Saved data entries

text \<open>The maximum confidence C_x(E) (supremum, which is attained, of the confidence ratio).\<close>
definition max_conf_value :: "nat \<Rightarrow> 'i set \<Rightarrow> ('i \<Rightarrow> real) \<Rightarrow> ('i \<Rightarrow> complex mat) \<Rightarrow> 'i \<Rightarrow> real" where
  "max_conf_value n I \<eta> \<rho> x = Sup
     {\<eta> x * Re (mtrace (\<rho> x * M x)) / Re (mtrace (avg_state n I \<eta> \<rho> * M x)) | Mq M.
        measurement n I Mq M \<and> 0 < Re (mtrace (avg_state n I \<eta> \<rho> * M x))}"

definition max_conf_measurement ::
  "nat \<Rightarrow> 'i set \<Rightarrow> ('i \<Rightarrow> real) \<Rightarrow> ('i \<Rightarrow> complex mat) \<Rightarrow> complex mat \<Rightarrow> ('i \<Rightarrow> complex mat) \<Rightarrow> bool" where
  "max_conf_measurement n I \<eta> \<rho> Mq M \<longleftrightarrow> measurement n I Mq M \<and>
     (\<forall>i\<in>I. mtrace ((complex_of_real (max_conf_value n I \<eta> \<rho> i) \<cdot>\<^sub>m avg_state n I \<eta> \<rho>
                      - complex_of_real (\<eta> i) \<cdot>\<^sub>m \<rho> i) * M i) = 0)"

definition kron_mat :: "complex mat \<Rightarrow> complex mat \<Rightarrow> complex mat" where
  "kron_mat A B = mat (dim_row A * dim_row B) (dim_col A * dim_col B)
     (\<lambda>(i, j). A $$ (i div dim_row B, j div dim_col B) * B $$ (i mod dim_row B, j mod dim_col B))"

fun tensor_list :: "complex mat list \<Rightarrow> complex mat" where
  "tensor_list [] = 1\<^sub>m 1"
| "tensor_list (A # As) = kron_mat A (tensor_list As)"

definition seq_index :: "nat \<Rightarrow> (nat \<Rightarrow> nat) \<Rightarrow> nat list set" where
  "seq_index L n = {c. length c = L \<and> (\<forall>l<L. c ! l \<in> {1..n l})}"

definition seq_eta :: "nat \<Rightarrow> (nat \<Rightarrow> nat \<Rightarrow> real) \<Rightarrow> nat list \<Rightarrow> real" where
  "seq_eta L \<eta> c = (\<Prod>l<L. \<eta> l (c ! l))"

definition seq_rho :: "nat \<Rightarrow> (nat \<Rightarrow> nat \<Rightarrow> complex mat) \<Rightarrow> nat list \<Rightarrow> complex mat" where
  "seq_rho L \<rho> c = tensor_list (map (\<lambda>l. \<rho> l (c ! l)) [0..<L])"

end

(* For a single ensemble, testing with the two-outcome measurement {1 - P, P}, P the projection
   onto a vector f, shows that C_x rho_0 - eta_x rho_x is positive semidefinite; conversely, any
   positive semidefinite K rho_0 - eta_x rho_x bounds every confidence ratio for x by K, so a
   measurement attaining the ratio K certifies C_x = K.

   For the sequence ensemble write K = prod_l C_l with C_l = C_{c_l}(E^l), X_l = eta_l rho_l and
   C_l rho^l_0 = X_l + Y_l with Y_l psd. Then K rho_0 - eta_c rho_c is the difference of the tensor
   products of the X_l + Y_l and of the X_l, which is psd (tensor products of psd matrices are psd,
   via Gram factorizations). Its trace against M_c = tensor_l M^l_{c_l} factorizes into the local
   traces, which vanish by the maximum-confidence property of each M^l. Hence either
   tr(rho_0 M_c) = 0 and the condition for c is trivial, or M attains the ratio K and C_c = K. *)

theory Submission
  imports Defs "HOL-Analysis.Convex"
begin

## Work order
The required answer is the run of lines above, starting at the line with "(nat \<Rightarrow> nat)" and ending at the line with "products of the", reproduced exactly with both ends.

## Solution to this task
definition seq_index :: "nat \<Rightarrow> (nat \<Rightarrow> nat) \<Rightarrow> nat list set" where
  "seq_index L n = {c. length c = L \<and> (\<forall>l<L. c ! l \<in> {1..n l})}"

definition seq_eta :: "nat \<Rightarrow> (nat \<Rightarrow> nat \<Rightarrow> real) \<Rightarrow> nat list \<Rightarrow> real" where
  "seq_eta L \<eta> c = (\<Prod>l<L. \<eta> l (c ! l))"

definition seq_rho :: "nat \<Rightarrow> (nat \<Rightarrow> nat \<Rightarrow> complex mat) \<Rightarrow> nat list \<Rightarrow> complex mat" where
  "seq_rho L \<rho> c = tensor_list (map (\<lambda>l. \<rho> l (c ! l)) [0..<L])"

end

(* For a single ensemble, testing with the two-outcome measurement {1 - P, P}, P the projection
   onto a vector f, shows that C_x rho_0 - eta_x rho_x is positive semidefinite; conversely, any
   positive semidefinite K rho_0 - eta_x rho_x bounds every confidence ratio for x by K, so a
   measurement attaining the ratio K certifies C_x = K.

   For the sequence ensemble write K = prod_l C_l with C_l = C_{c_l}(E^l), X_l = eta_l rho_l and
   C_l rho^l_0 = X_l + Y_l with Y_l psd. Then K rho_0 - eta_c rho_c is the difference of the tensor
   products of the X_l + Y_l and of the X_l, which is psd (tensor products of psd matrices are psd,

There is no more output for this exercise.